(* For every $m\ge1$, $0\le s\le m$ and every $j\in\{1,\dots,m\}$, the function $e^{(m-1)\lambda_j}\,\tilde G_s(m,\{\lambda_l\}|\{\xi_k\})$, viewed as a function of $\lambda_j$ with all other variables fixed (generic), is a polynomial in $e^{2\lambda_j}$ of degree at most $m-1$.
   Context: Fix $\zeta\in(0,\pi)$. For integers $m\ge1$, $0\le s\le m$, set $\epsilon_j=-\tfrac12$ for $j\le s$ and $\epsilon_j=+\tfrac12$ for $j>s$ ($\epsilon_j$ attached to $\lambda_j$). Define $$G_s(m,\{\lambda_j\}|\{\xi_k\})=\frac{1}{s!(m-s)!}\sum_{\sigma\in S_m}(-1)^{[\sigma]}\prod_{1\le k<j\le m}\frac{\sinh(\lambda_{\sigma(j)}-\xi_k+i\epsilon_{\sigma(j)}\zeta)\,\sinh(\lambda_{\sigma(k)}-\xi_j-i\epsilon_{\sigma(k)}\zeta)}{\sinh(\lambda_{\sigma(j)}-\lambda_{\sigma(k)}+i(\epsilon_{\sigma(j)}+\epsilon_{\sigma(k)})\zeta)}$$ ($(-1)^{[\sigma]}$ the sign of $\sigma$), and define $\tilde G_s$ by $$G_s(m,\{\lambda_j\}|\{\xi_k\})=\frac{1}{s!(m-s)!}\prod_{1\le k<j\le m}\frac{\sinh(\lambda_j-\lambda_k)}{\sinh(\lambda_j-\lambda_k+i(\epsilon_j+\epsilon_k)\zeta)\,\sinh(\lambda_j-\lambda_k-i(\epsilon_j+\epsilon_k)\zeta)}\;\tilde G_s(m,\{\lambda_j\}|\{\xi_k\}),$$ understood as an identity of meromorphic functions (removable singularities extended by continuity). *)

theory Defs
  imports "HOL-Analysis.Analysis" "HOL-Combinatorics.Permutations"
begin

definition eps :: "nat \<Rightarrow> nat \<Rightarrow> real" where
  "eps s j = (if j \<le> s then -1/2 else 1/2)"

definition G :: "real \<Rightarrow> nat \<Rightarrow> nat \<Rightarrow> (nat \<Rightarrow> complex) \<Rightarrow> (nat \<Rightarrow> complex) \<Rightarrow> complex" where
  "G \<zeta> s m lam xi =
     (1 / (fact s * fact (m - s))) *
     (\<Sum>\<sigma> | \<sigma> permutes {1..m}. of_int (sign \<sigma>) *
        (\<Prod>j\<in>{1..m}. \<Prod>k\<in>{1..<j}.
           sinh (lam (\<sigma> j) - xi k + \<i> * of_real (eps s (\<sigma> j) * \<zeta>)) *
           sinh (lam (\<sigma> k) - xi j - \<i> * of_real (eps s (\<sigma> k) * \<zeta>)) /
           sinh (lam (\<sigma> j) - lam (\<sigma> k) + \<i> * of_real ((eps s (\<sigma> j) + eps s (\<sigma> k)) * \<zeta>))))"

text \<open>Points where all denominators involved (in G and in the prefactor) are nonzero;
  there the pointwise formula agrees with the meromorphic function.\<close>
definition regular_point :: "real \<Rightarrow> nat \<Rightarrow> nat \<Rightarrow> (nat \<Rightarrow> complex) \<Rightarrow> bool" where
  "regular_point \<zeta> s m lam \<longleftrightarrow>
     (\<forall>j k. 1 \<le> k \<and> k < j \<and> j \<le> m \<longrightarrow>
        sinh (lam j - lam k) \<noteq> 0 \<and>
        sinh (lam j - lam k + \<i> * of_real ((eps s j + eps s k) * \<zeta>)) \<noteq> 0 \<and>
        sinh (lam j - lam k - \<i> * of_real ((eps s j + eps s k) * \<zeta>)) \<noteq> 0)"

text \<open>G-tilde, obtained by solving the defining identity for it.\<close>
definition Gt :: "real \<Rightarrow> nat \<Rightarrow> nat \<Rightarrow> (nat \<Rightarrow> complex) \<Rightarrow> (nat \<Rightarrow> complex) \<Rightarrow> complex" where
  "Gt \<zeta> s m lam xi =
     G \<zeta> s m lam xi * (fact s * fact (m - s)) *
     (\<Prod>j\<in>{1..m}. \<Prod>k\<in>{1..<j}.
        sinh (lam j - lam k + \<i> * of_real ((eps s j + eps s k) * \<zeta>)) *
        sinh (lam j - lam k - \<i> * of_real ((eps s j + eps s k) * \<zeta>)) /
        sinh (lam j - lam k))"

end

theory Submission
  imports Defs "HOL-Computational_Algebra.Polynomial"
begin

(* Multiplying Gt by the hyperbolic Vandermonde V = prod_{k<j} sinh (lambda_j - lambda_k) clears
   all denominators: the factor prod_{k<j} sinh (lambda_j - lambda_k + i (eps_j + eps_k) zeta) *
   sinh (lambda_j - lambda_k - i (eps_j + eps_k) zeta) is symmetric in the pair, hence the same
   for every permutation sigma, and it cancels the denominators of the sigma-term of G.  In each
   term of the resulting numerator H, lambda_j occurs in 2 (m - 1) sinh factors, so
   exp (2 (m - 1) lambda_j) H is a polynomial of degree <= 2 (m - 1) in exp (2 lambda_j).
   H vanishes at lambda_j = lambda_b for each b /= j, so it is divisible by
   prod_{b /= j} sinh (lambda_j - lambda_b), which is V up to a factor independent of lambda_j;
   the quotient, Gt up to that factor, has degree m - 1. *)

(* f z = (SUM k <= n. c k * exp ((2 * k - n) * z)), e.g. a product of n factors sinh (+-z + c). *)
definition hyperbolic_poly :: "nat \<Rightarrow> (complex \<Rightarrow> complex) \<Rightarrow> bool" where
  "hyperbolic_poly n f \<longleftrightarrow>
     (\<exists>p. degree p \<le> n \<and> (\<forall>z. exp (of_nat n * z) * f z = poly p (exp (2 * z))))"

lemma hyperbolic_poly_const: "hyperbolic_poly 0 (\<lambda>z. c)"
  unfolding hyperbolic_poly_def by (intro exI[of _ "[:c:]"]) simp

lemma sinh_diff_times_exp:
  fixes z c :: complex
  shows "2 * exp c * exp z * sinh (z - c) = exp (2 * z) - exp (2 * c)"
proof -
  have "2 * exp c * exp z * sinh (z - c) = exp c * exp z * exp (z - c) - exp c * exp z * exp (c - z)"
    by (simp add: sinh_field_def right_diff_distrib)
  also have "\<dots> = exp (2 * z) - exp (2 * c)"
    by (simp flip: exp_add add: algebra_simps)
  finally show ?thesis .
qed

lemma hyperbolic_poly_sinh: "hyperbolic_poly 1 (\<lambda>z. sinh (z + c))"
proof -
  define p where "p = smult (exp c / 2) [:- exp (- 2 * c), 1:]"
  have "exp z * sinh (z + c) = poly p (exp (2 * z))" for z
    using sinh_diff_times_exp[of "- c" z] by (simp add: p_def exp_minus field_simps)
  moreover have "degree p \<le> 1"
    by (simp add: p_def)
  ultimately show ?thesis
    unfolding hyperbolic_poly_def by auto
qed

lemma hyperbolic_poly_mult:
  assumes "hyperbolic_poly n f" "hyperbolic_poly k g"
  shows "hyperbolic_poly (n + k) (\<lambda>z. f z * g z)"
proof -
  obtain p q where p: "degree p \<le> n" "\<And>z. exp (of_nat n * z) * f z = poly p (exp (2 * z))"
    and q: "degree q \<le> k" "\<And>z. exp (of_nat k * z) * g z = poly q (exp (2 * z))"
    using assms unfolding hyperbolic_poly_def by blast
  have "exp (of_nat (n + k) * z) * (f z * g z) = poly (p * q) (exp (2 * z))" for z
    by (simp flip: p(2) q(2) add: distrib_right exp_add)
  moreover have "degree (p * q) \<le> n + k"
    using p(1) q(1) degree_mult_le[of p q] by linarith
  ultimately show ?thesis
    unfolding hyperbolic_poly_def by blast
qed

lemma hyperbolic_poly_add:
  assumes "hyperbolic_poly n f" "hyperbolic_poly n g"
  shows "hyperbolic_poly n (\<lambda>z. f z + g z)"
proof -
  obtain p q where p: "degree p \<le> n" "\<And>z. exp (of_nat n * z) * f z = poly p (exp (2 * z))"
    and q: "degree q \<le> n" "\<And>z. exp (of_nat n * z) * g z = poly q (exp (2 * z))"
    using assms unfolding hyperbolic_poly_def by blast
  have "exp (of_nat n * z) * (f z + g z) = poly (p + q) (exp (2 * z))" for z
    by (simp flip: p(2) q(2) add: distrib_left)
  then show ?thesis
    unfolding hyperbolic_poly_def using p(1) q(1) degree_add_le by blast
qed

lemma hyperbolic_poly_cmult: "hyperbolic_poly n f \<Longrightarrow> hyperbolic_poly n (\<lambda>z. c * f z)"
  using hyperbolic_poly_mult[OF hyperbolic_poly_const] by simp

lemma hyperbolic_poly_sum:
  "finite A \<Longrightarrow> (\<And>i. i \<in> A \<Longrightarrow> hyperbolic_poly n (f i)) \<Longrightarrow>
    hyperbolic_poly n (\<lambda>z. \<Sum>i\<in>A. f i z)"
proof (induction A rule: finite_induct)
  case empty
  then show ?case
    unfolding hyperbolic_poly_def by (intro exI[of _ 0]) simp
next
  case (insert x F)
  then show ?case
    by (simp add: hyperbolic_poly_add)
qed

☆ ☆ ☆ ☆ ☆ ☆ ☆

#### WORK TO BE COMPLETED
Give back, unchanged, the run of lines in the listing above that begins at the line containing "unfolding hyperbolic_poly_def by auto" and ends at the line containing "n f \<Longrightarrow>", both included.

#### TASK OUTPUT
    unfolding hyperbolic_poly_def by auto
qed

lemma hyperbolic_poly_mult:
  assumes "hyperbolic_poly n f" "hyperbolic_poly k g"
  shows "hyperbolic_poly (n + k) (\<lambda>z. f z * g z)"
proof -
  obtain p q where p: "degree p \<le> n" "\<And>z. exp (of_nat n * z) * f z = poly p (exp (2 * z))"
    and q: "degree q \<le> k" "\<And>z. exp (of_nat k * z) * g z = poly q (exp (2 * z))"
    using assms unfolding hyperbolic_poly_def by blast
  have "exp (of_nat (n + k) * z) * (f z * g z) = poly (p * q) (exp (2 * z))" for z
    by (simp flip: p(2) q(2) add: distrib_right exp_add)
  moreover have "degree (p * q) \<le> n + k"
    using p(1) q(1) degree_mult_le[of p q] by linarith
  ultimately show ?thesis
    unfolding hyperbolic_poly_def by blast
qed

lemma hyperbolic_poly_add:
  assumes "hyperbolic_poly n f" "hyperbolic_poly n g"
  shows "hyperbolic_poly n (\<lambda>z. f z + g z)"
proof -
  obtain p q where p: "degree p \<le> n" "\<And>z. exp (of_nat n * z) * f z = poly p (exp (2 * z))"
    and q: "degree q \<le> n" "\<And>z. exp (of_nat n * z) * g z = poly q (exp (2 * z))"
    using assms unfolding hyperbolic_poly_def by blast
  have "exp (of_nat n * z) * (f z + g z) = poly (p + q) (exp (2 * z))" for z
    by (simp flip: p(2) q(2) add: distrib_left)
  then show ?thesis
    unfolding hyperbolic_poly_def using p(1) q(1) degree_add_le by blast
qed

lemma hyperbolic_poly_cmult: "hyperbolic_poly n f \<Longrightarrow> hyperbolic_poly n (\<lambda>z. c * f z)"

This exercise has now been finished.